Justas V. Rodarte, Carly Baehr, Dustin Hicks, Tyler L. Liban, Connor Weidle, Peter B. Rupert, Rajwana Jahan, Abigail Wall, Andrew T. McGuire, Roland K. Strong, Scott Runyon, Marco Pravetoni, Marie Pancera

Research output: Contribution to journalArticlepeer-review

5 Scopus citations

Abstract

Opioid-related fatal overdoses have reached epidemic proportions. Because existing treatments for opioid use disorders offer limited long-term protection, accelerating the development of newer approaches is critical. Monoclonal antibodies (mAbs) are an emerging treatment strategy that targets and sequesters selected opioids in the bloodstream, reducing drug distribution across the blood-brain barrier, thus preventing or reversing opioid toxicity.

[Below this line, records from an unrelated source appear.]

(* Let $N\ge2$, $\alpha,\beta>0$, $W:\mathbb{R}^2\to\mathbb{R}$, $W(x)=U(|x|)$ twice continuously differentiable, and let $\hat x\in\mathbb{R}^{2N}$ satisfy: (H1) $\sum_{j\ne i}\nabla W(\hat x_i-\hat x_j)=0$ for all $i$; (H2) the kernel of $G=G(\hat x)$ is exactly three-dimensional, spanned by $w_1=1_N\otimes(1,0)^T$, $w_2=1_N\otimes(0,1)^T$, $w_3=\bigl(I_N\otimes\begin{pmatrix}0&-1\\1&0\end{pmatrix}\bigr)\hat x$; (H3) every non-zero eigenvalue of $G$ has negative real part; (H4) $\hat x_1,\dots,\hat x_N$ are not all collinear. Let $m_0\in\mathbb{R}^2$ with $|m_0|^2=\alpha/\beta$ and define the $4N\times4N$ matrix $$F_B^B=\begin{pmatrix}0_{2N\times2N} & \begin{pmatrix}I_{2N-2}\\ -1_{N-1}^T\otimes I_2\end{pmatrix} & 0_{2N\times2}\\ \lceil G\rceil & -I_{N-1}\otimes 2\beta\, m_0m_0^T & 0_{(2N-2)\times2}\\ 0_{2\times2N}&0_{2\times(2N-2)}&-2\beta\, m_0m_0^T\end{pmatrix}.$$ Then $F_B^B$ has no generalized eigenvector for the eigenvalue $0$, i.e. $\ker (F_B^B)^2=\ker F_B^B$.
   Context: $G(\hat x)\in\mathbb{R}^{2N\times2N}$ is the Jacobian of the system $\dot x_i=-\sum_{j\ne i}\nabla W(x_i-x_j)$ at $\hat x$: it has $2\times2$ blocks $G_{ii}=-\sum_{j\ne i}\operatorname{Hess}W(\hat x_i-\hat x_j)$ and $G_{ij}=\operatorname{Hess}W(\hat x_i-\hat x_j)$ for $i\ne j$. $\lceil G\rceil$ is the $(2N-2)\times2N$ matrix obtained from $G$ by deleting its last two rows. $1_n$ is the all-ones column vector, $0_{n\times p}$ the zero matrix, $\otimes$ the Kronecker product. ($F_B^B$ is the linearization of the second-order swarming model at a flock, written in mean-velocity coordinates and restricted to mean-velocity-consistent perturbations.) *)

theory Defs
  imports "HOL-Analysis.Analysis" "Jordan_Normal_Form.Matrix_Kernel" "Jordan_Normal_Form.Char_Poly"
begin

definition comp2 :: "real \<times> real \<Rightarrow> nat \<Rightarrow> real" where
  "comp2 p a = (if a = 0 then fst p else snd p)"

definition e2 :: "nat \<Rightarrow> real \<times> real" where
  "e2 b = (if b = 0 then (1, 0) else (0, 1))"

definition hess_entry :: "(real \<times> real \<Rightarrow> real \<times> real \<Rightarrow> real \<times> real) \<Rightarrow> real \<times> real \<Rightarrow> nat \<Rightarrow> nat \<Rightarrow> real" where
  "hess_entry D2W x a b = comp2 (D2W x (e2 b)) a"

We previously identified a series of murine mAbs with high affinity and selectivity for oxycodone, morphine, fentanyl, and nicotine. To determine their binding mechanism, we used X-ray crystallography to solve the structures of mAbs bound to their respective targets, to 2.2 Å resolution or higher. Structural analysis showed a critical convergent hydrogen bonding mode that is dependent on a glutamic acid residue in the mAbs’ heavy chain and a tertiary amine of the ligand. Characterizing drug-mAb complexes represents a significant step toward rational antibody engineering and future manufacturing activities to support clinical evaluation.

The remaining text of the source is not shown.